As such, many are looking at how the lifestyle habits of their employees – such as smoking – are affecting their bottom line.

Medical care and lost productivity cost employers about $3,856 per smoker per year, according to the Centers for Disease Control and Prevention. Men who smoke pay $15,800 more for medical care over their lifetimes and miss four workdays more per year than nonsmoking men; female smokers shell out $17,500 more in lifetime medical expenses and miss two days more from work than women who do not smoke, according to the CDC.

Some companies refuse to hire smokers or demand that their employees quit smoking or lose their jobs. Others are setting policies restricting smoking on or around company property and offering bonuses or other incentives for employees to quit smoking.

For those who want to quit but have failed with various cessation methods, one company says it has a unique solution that may help them kick the habit for good.

Safer Smokes Inc. offers a smoke called Bravo that has all of the characteristics of a tobacco cigarette with three key differences: no nicotine, no tobacco and none of the dangerous carcinogens derived from the additives found in commercial tobacco cigarettes.
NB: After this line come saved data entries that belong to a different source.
(* Let $\mathcal A\subset\mathbb R^n$ be compact with diameter $D_{\mathcal A}<\infty$, let $\mathcal X=\mathrm{conv}(\mathcal A)$, let $f$ have $L$-Lipschitz gradient, and let $\eta\in(1,2)$. Run the AC-FW algorithm with the away-step Frank-Wolfe subroutine and a damping sequence satisfying Condition (D), with $L_0>0$. Then the subroutine satisfies parts (i) and (ii) of Condition (S); more precisely, for every $t\ge0$, $$|\mathcal G\cap\mathcal I_\eta\cap[t]|\ge\frac{t+1}{2}-\left\lfloor\log_\eta\!\left(\frac{L}{rL_0}\right)\right\rfloor.$$ If additionally $f$ is convex, then part (iii) of Condition (S) holds with $R=1$.
   Context: $D_{\mathcal A}:=\sup_{x,y\in\mathcal A}\|x-y\|_2$; $f:\mathbb R^n\to\mathbb R$ is differentiable with $\|\nabla f(x)-\nabla f(y)\|_2\le L\|x-y\|_2$. $x^\star$ is an optimal solution of $\min_{x\in\mathcal X}f(x)$. For $x\ne y$, $\ell(x,y):=2|f(y)-f(x)-\nabla f(x)^\top(y-x)|/\|y-x\|_2^2$, $\ell(x,x):=0$. AC-FW algorithm: given $\{r_t\}_{t\ge0}$ and a subroutine, pick $x_{-1}\in\mathcal A$, $x_0\in\arg\min_{v\in\mathcal A}\nabla f(x_{-1})^\top v$, $L_0:=\ell(x_{-1},x_0)$. For $t=0,1,\dots$: $v_t\in\arg\min_{v\in\mathcal A}\nabla f(x_t)^\top v$; the subroutine returns $(d_t,\gamma_t^{\max})$; $\gamma_t:=\min\{\nabla f(x_t)^\top d_t/(L_t\|d_t\|_2^2),\gamma_t^{\max}\}$; $\bar x_{t+1}:=x_t-\gamma_td_t$; $L_{t+1}:=\max\{\ell(x_t,\bar x_{t+1}),r_tL_t\}$; $x_{t+1}:=\bar x_{t+1}$ if $f(\bar x_{t+1})<f(x_t)$, else $x_{t+1}:=x_t$. Away-step Frank-Wolfe subroutine: it maintains weights $\alpha_{s,t}\ge0$ ($s\in\mathcal A$), active set $\mathcal S_t:=\{s:\alpha_{s,t}>0\}$, $x_t=\sum_s\alpha_{s,t}s$, initially $\mathcal S_0=\{x_0\}$, $\alpha_{x_0,0}=1$. At iteration $t$: $s_t\in\arg\max_{s\in\mathcal S_t}\nabla f(x_t)^\top s$. If $\nabla f(x_t)^\top(x_t-v_t)\ge\nabla f(x_t)^\top(s_t-x_t)$ (FW step): $d_t:=x_t-v_t$, $\gamma_t^{\max}:=1$; otherwise (away step): $d_t:=s_t-x_t$, $\gamma_t^{\max}:=\alpha_{s_t,t}/(1-\alpha_{s_t,t})$. If $x_{t+1}=x_t$, weights are unchanged; if an FW step is accepted, $\alpha_{s,t+1}:=(1-\gamma_t)\alpha_{s,t}+\gamma_t\mathbf 1\{s=v_t\}$; if an away step is accepted, $\alpha_{s,t+1}:=(1+\gamma_t)\alpha_{s,t}-\gamma_t\mathbf 1\{s=s_t\}$. Then $\mathcal S_{t+1}:=\{s:\alpha_{s,t+1}>0\}$. $[t]:=\{0,\dots,t\}$; $\mathcal I_\eta:=\{t\ge0:L_{t+1}\le\eta L_t\}$; $\mathcal G:=\{t\ge0:\gamma_t^{\max}\ge1\text{ or }\gamma_t<\gamma_t^{\max}\}$. Condition (D): $r_t\in(0,1]$ for all $t$ and $r:=\prod_{t\ge0}r_t\in(0,1]$. Condition (S): for all $t\ge0$: (i) $\|d_t\|_2\le D_{\mathcal A}$ and $x_t-\gamma d_t\in\mathcal X$ for all finite $\gamma\in[0,\gamma_t^{\max}]$; (ii) $\mathcal G$ is infinite; (iii) if $f$ is convex, there is $R\ge1$ independent of $t$ with $\nabla f(x_t)^\top d_t\ge(f(x_t)-f(x^\star))/R$. *)

theory Defs
  imports "HOL-Analysis.Analysis"
begin

definition ell :: "('a::real_inner \<Rightarrow> real) \<Rightarrow> ('a \<Rightarrow> 'a) \<Rightarrow> 'a \<Rightarrow> 'a \<Rightarrow> real" where
  "ell f g x y = (if x = y then 0
     else 2 * \<bar>f y - f x - g x \<bullet> (y - x)\<bar> / (norm (y - x))\<^sup>2)"

text \<open>Sequences: x (iterates), Ls (estimates L_t), v (FW vertices), s (away vertices),
  d (directions), gmax (maximal step sizes), gam (step sizes), alpha (weights).
  All argmin/argmax choices are arbitrary (any tie-breaking).\<close>
definition acfw_afw_run ::
  "'a::real_inner set \<Rightarrow> ('a \<Rightarrow> real) \<Rightarrow> ('a \<Rightarrow> 'a) \<Rightarrow> (nat \<Rightarrow> real) \<Rightarrow> 'a \<Rightarrow>
   (nat \<Rightarrow> 'a) \<Rightarrow> (nat \<Rightarrow> real) \<Rightarrow> (nat \<Rightarrow> 'a) \<Rightarrow> (nat \<Rightarrow> 'a) \<Rightarrow> (nat \<Rightarrow> 'a) \<Rightarrow>
   (nat \<Rightarrow> real) \<Rightarrow> (nat \<Rightarrow> real) \<Rightarrow> (nat \<Rightarrow> 'a \<Rightarrow> real) \<Rightarrow> bool" where
  "acfw_afw_run A f g r xm1 x Ls v s d gmax gam alpha \<longleftrightarrow>
     xm1 \<in> A \<and> x 0 \<in> A \<and> (\<forall>u\<in>A. g xm1 \<bullet> x 0 \<le> g xm1 \<bullet> u) \<and>
     Ls 0 = ell f g xm1 (x 0) \<and>
     alpha 0 = (\<lambda>a. if a = x 0 then 1 else 0) \<and>
     (\<forall>t. v t \<in> A \<and> (\<forall>u\<in>A. g (x t) \<bullet> v t \<le> g (x t) \<bullet> u) \<and>
        0 < alpha t (s t) \<and> (\<forall>a. 0 < alpha t a \<longrightarrow> g (x t) \<bullet> a \<le> g (x t) \<bullet> s t) \<and>
        (if g (x t) \<bullet> (x t - v t) \<ge> g (x t) \<bullet> (s t - x t)
         then d t = x t - v t \<and> gmax t = 1
         else d t = s t - x t \<and> gmax t = alpha t (s t) / (1 - alpha t (s t))) \<and>
        gam t = min (g (x t) \<bullet> d t / (Ls t * (norm (d t))\<^sup>2)) (gmax t) \<and>
        Ls (Suc t) = max (ell f g (x t) (x t - gam t *\<^sub>R d t)) (r t * Ls t) \<and>
        (if f (x t - gam t *\<^sub>R d t) < f (x t)
         then x (Suc t) = x t - gam t *\<^sub>R d t \<and>
              alpha (Suc t) =
                (if g (x t) \<bullet> (x t - v t) \<ge> g (x t) \<bullet> (s t - x t)
                 then (\<lambda>a. (1 - gam t) * alpha t a + gam t * (if a = v t then 1 else 0))
                 else (\<lambda>a. (1 + gam t) * alpha t a - gam t * (if a = s t then 1 else 0)))
         else x (Suc t) = x t \<and> alpha (Suc t) = alpha t))"

end

theory Submission
  imports Defs
begin

text \<open>
  A step outside G is an away step whose step size is clipped at its maximal value, which is
  below 1. If such a step is rejected, then f does not decrease at a point within the short-step
  bound, and this forces L(t+1) \<ge> 2 L(t) > \<eta> L(t). So a step in \<open>I\<^sub>\<eta>\<close> but outside G is an accepted
  drop step and removes an atom from the active set; as every step adds at most one atom and the
  active set is never empty, at most half of the first t + 1 steps are of this kind. Steps
  outside \<open>I\<^sub>\<eta>\<close> are few, since each multiplies the estimate by more than \<eta>, the damping shrinks
  it by at most the factor r overall, and the Lipschitz bound keeps it below L.
  For convex f, the primal gap is at most the Frank-Wolfe gap, and both kinds of direction have
  an inner product with the gradient at least that gap.
\<close>

lemma line_has_real_derivative:
  fixes f :: "'a::real_inner \<Rightarrow> real"
  assumes grad: "\<And>y. (f has_derivative (\<lambda>h. g y \<bullet> h)) (at y)"
  shows "((\<lambda>t. f (x + t *\<^sub>R h)) has_real_derivative g (x + t *\<^sub>R h) \<bullet> h) (at t)"
proof -
  have "((\<lambda>t. x + t *\<^sub>R h) has_derivative (\<lambda>t. t *\<^sub>R h)) (at t)"
    by (auto intro!: derivative_eq_intros)
  from has_derivative_compose[OF this grad]
  show ?thesis
    by (simp add: has_field_derivative_def mult_commute_abs)
qed

lemma abs_diff_le_of_derivative_bound:
  fixes \<phi> \<phi>' :: "real \<Rightarrow> real"
  assumes deriv: "\<And>t. 0 \<le> t \<Longrightarrow> t \<le> 1 \<Longrightarrow> (\<phi> has_real_derivative \<phi>' t) (at t)"
    and bound: "\<And>t. 0 \<le> t \<Longrightarrow> t \<le> 1 \<Longrightarrow> \<bar>\<phi>' t\<bar> \<le> K * t"
  shows "\<bar>\<phi> 1 - \<phi> 0\<bar> \<le> K / 2"
proof -
  have "(\<lambda>t. \<phi> t - K / 2 * t\<^sup>2) 1 \<le> (\<lambda>t. \<phi> t - K / 2 * t\<^sup>2) 0"
  proof (rule DERIV_nonpos_imp_nonincreasing[of 0 1])
    fix t :: real assume "0 \<le> t" "t \<le> 1"
    then show "\<exists>y. ((\<lambda>t. \<phi> t - K / 2 * t\<^sup>2) has_real_derivative y) (at t) \<and> y \<le> 0"
      using bound[of t] deriv[of t] by (intro exI[of _ "\<phi>' t - K * t"] conjI derivative_eq_intros) auto
  qed simp
  moreover have "(\<lambda>t. - \<phi> t - K / 2 * t\<^sup>2) 1 \<le> (\<lambda>t. - \<phi> t - K / 2 * t\<^sup>2) 0"
  proof (rule DERIV_nonpos_imp_nonincreasing[of 0 1])
    fix t :: real assume "0 \<le> t" "t \<le> 1"
    then show "\<exists>y. ((\<lambda>t. - \<phi> t - K / 2 * t\<^sup>2) has_real_derivative y) (at t) \<and> y \<le> 0"
      using bound[of t] deriv[of t] by (intro exI[of _ "- \<phi>' t - K * t"] conjI derivative_eq_intros) auto
  qed simp
  ultimately show ?thesis by (simp add: abs_if)
qed

lemma lipschitz_gradient_quadratic_bound:
  fixes f :: "'a::real_inner \<Rightarrow> real"
  assumes grad: "\<And>y. (f has_derivative (\<lambda>h. g y \<bullet> h)) (at y)"
    and lip: "\<And>y z. norm (g y - g z) \<le> L * norm (y - z)"
  shows "\<bar>f y - f x - g x \<bullet> (y - x)\<bar> \<le> L / 2 * (norm (y - x))\<^sup>2"
proof -
  define h where "h = y - x"
  have "\<bar>(\<lambda>t. f (x + t *\<^sub>R h) - t * (g x \<bullet> h)) 1 - (\<lambda>t. f (x + t *\<^sub>R h) - t * (g x \<bullet> h)) 0\<bar>
      \<le> L * (norm h)\<^sup>2 / 2"
  proof (rule abs_diff_le_of_derivative_bound)
    fix t :: real
    show "((\<lambda>t. f (x + t *\<^sub>R h) - t * (g x \<bullet> h)) has_real_derivative
        (g (x + t *\<^sub>R h) - g x) \<bullet> h) (at t)"
      by (rule derivative_eq_intros line_has_real_derivative[OF grad] | simp add: inner_diff_left)+
    assume "0 \<le> t"
    have "\<bar>(g (x + t *\<^sub>R h) - g x) \<bullet> h\<bar> \<le> norm (g (x + t *\<^sub>R h) - g x) * norm h"
      by (rule Cauchy_Schwarz_ineq2)
    also have "\<dots> \<le> L * norm (t *\<^sub>R h) * norm h"
      using lip[of "x + t *\<^sub>R h" x] by (simp add: mult_right_mono)
    finally show "\<bar>(g (x + t *\<^sub>R h) - g x) \<bullet> h\<bar> \<le> L * (norm h)\<^sup>2 * t"
      using \<open>0 \<le> t\<close> by (simp add: power2_eq_square mult_ac)
  qed
  then show ?thesis by (simp add: h_def algebra_simps)
qed

lemma ell_le_lipschitz_constant:
  fixes f :: "'a::real_inner \<Rightarrow> real"
  assumes grad: "\<And>y. (f has_derivative (\<lambda>h. g y \<bullet> h)) (at y)"
    and lip: "\<And>y z. norm (g y - g z) \<le> L * norm (y - z)"
    and "0 \<le> L"
  shows "ell f g x y \<le> L"
proof (cases "x = y")
  case False
  then have "0 < (norm (y - x))\<^sup>2" by simp
  with lipschitz_gradient_quadratic_bound[OF grad lip, of y x] show ?thesis
    by (simp add: ell_def divide_le_eq)
qed (simp add: ell_def \<open>0 \<le> L\<close>)

lemma convex_on_gradient_inequality:
  fixes f :: "'a::real_inner \<Rightarrow> real"
  assumes grad: "\<And>y. (f has_derivative (\<lambda>h. g y \<bullet> h)) (at y)"
    and cvx: "convex_on UNIV f"
  shows "g x \<bullet> (y - x) \<le> f y - f x"
proof -
  define h where "h = y - x"
  have "convex_on UNIV (\<lambda>t. f (x + t *\<^sub>R h))"
  proof (rule convex_onI)
    fix u a b :: real assume "0 < u" "u < 1"
    have "x + ((1 - u) *\<^sub>R a + u *\<^sub>R b) *\<^sub>R h = (1 - u) *\<^sub>R (x + a *\<^sub>R h) + u *\<^sub>R (x + b *\<^sub>R h)"
      by (simp add: algebra_simps)
    with convex_onD[OF cvx, of u "x + a *\<^sub>R h" "x + b *\<^sub>R h"] \<open>0 < u\<close> \<open>u < 1\<close>
    show "f (x + ((1 - u) *\<^sub>R a + u *\<^sub>R b) *\<^sub>R h) \<le> (1 - u) * f (x + a *\<^sub>R h) + u * f (x + b *\<^sub>R h)"
      by simp
  qed simp
  from convex_on_imp_above_tangent[OF this, of 0 1] line_has_real_derivative[OF grad, of x h 0]
  show ?thesis
    by (simp add: h_def has_field_derivative_at_within)
qed

lemma ell_ge_twice_of_no_decrease:
  fixes f :: "'a::real_inner \<Rightarrow> real"
  assumes L: "0 < L" and descent: "0 < g p \<bullet> d" and \<gamma>_pos: "0 < \<gamma>"
    and \<gamma>_le: "\<gamma> \<le> g p \<bullet> d / (L * (norm d)\<^sup>2)"
    and no_decrease: "f p \<le> f (p - \<gamma> *\<^sub>R d)"
  shows "2 * L \<le> ell f g p (p - \<gamma> *\<^sub>R d)"
proof -
  have "d \<noteq> 0" using descent by auto
  then have n: "0 < \<gamma>\<^sup>2 * (norm d)\<^sup>2" using \<gamma>_pos by simp
  have "\<gamma> * (L * (norm d)\<^sup>2) \<le> g p \<bullet> d"
    using \<gamma>_le L \<open>d \<noteq> 0\<close> by (simp add: le_divide_eq)
  then have "L * (\<gamma>\<^sup>2 * (norm d)\<^sup>2) \<le> \<gamma> * (g p \<bullet> d)"
    using mult_left_mono[of _ _ \<gamma>] \<gamma>_pos by (fastforce simp: power2_eq_square mult_ac)
  also have "\<dots> \<le> \<bar>f (p - \<gamma> *\<^sub>R d) - f p - g p \<bullet> (p - \<gamma> *\<^sub>R d - p)\<bar>"
    using no_decrease by simp
  finally show ?thesis
    using \<open>d \<noteq> 0\<close> \<gamma>_pos n by (simp add: ell_def pos_le_divide_eq power_mult_distrib mult_ac)
qed

lemma inner_ge_on_convex_hull:
  fixes G :: "'a::real_inner"
  assumes "\<And>u. u \<in> A \<Longrightarrow> G \<bullet> v \<le> G \<bullet> u" "p \<in> convex hull A"
  shows "G \<bullet> v \<le> G \<bullet> p"
proof -
  have "convex hull A \<subseteq> {y. G \<bullet> v \<le> G \<bullet> y}"
    using assms(1) convex_halfspace_ge[of "G \<bullet> v" G] by (intro hull_minimal) auto
  then show ?thesis using assms(2) by auto
qed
In lieu of tobacco, Bravo smokes are made with enzyme-treated lettuce leaves.

“You give up the nicotine and harmful tobacco without having to give up the physical behavior of smoking,” said Dr. Puzant Torigian, chairman and founder of Safer Smokes. “Once the nicotine leaves your system, the urge to smoke leaves you as well, and you smoke your way out of the habit just like you smoked your way into it.”

“For smokers challenged to quit the habit or quit the job, the key is to find a cessation strategy that works for them,” Torigian said. “Of all the choices on the market, Bravo is the only product available today that lets you quit the nicotine and tobacco habit immediately while you smoke your way out of the habit gradually.”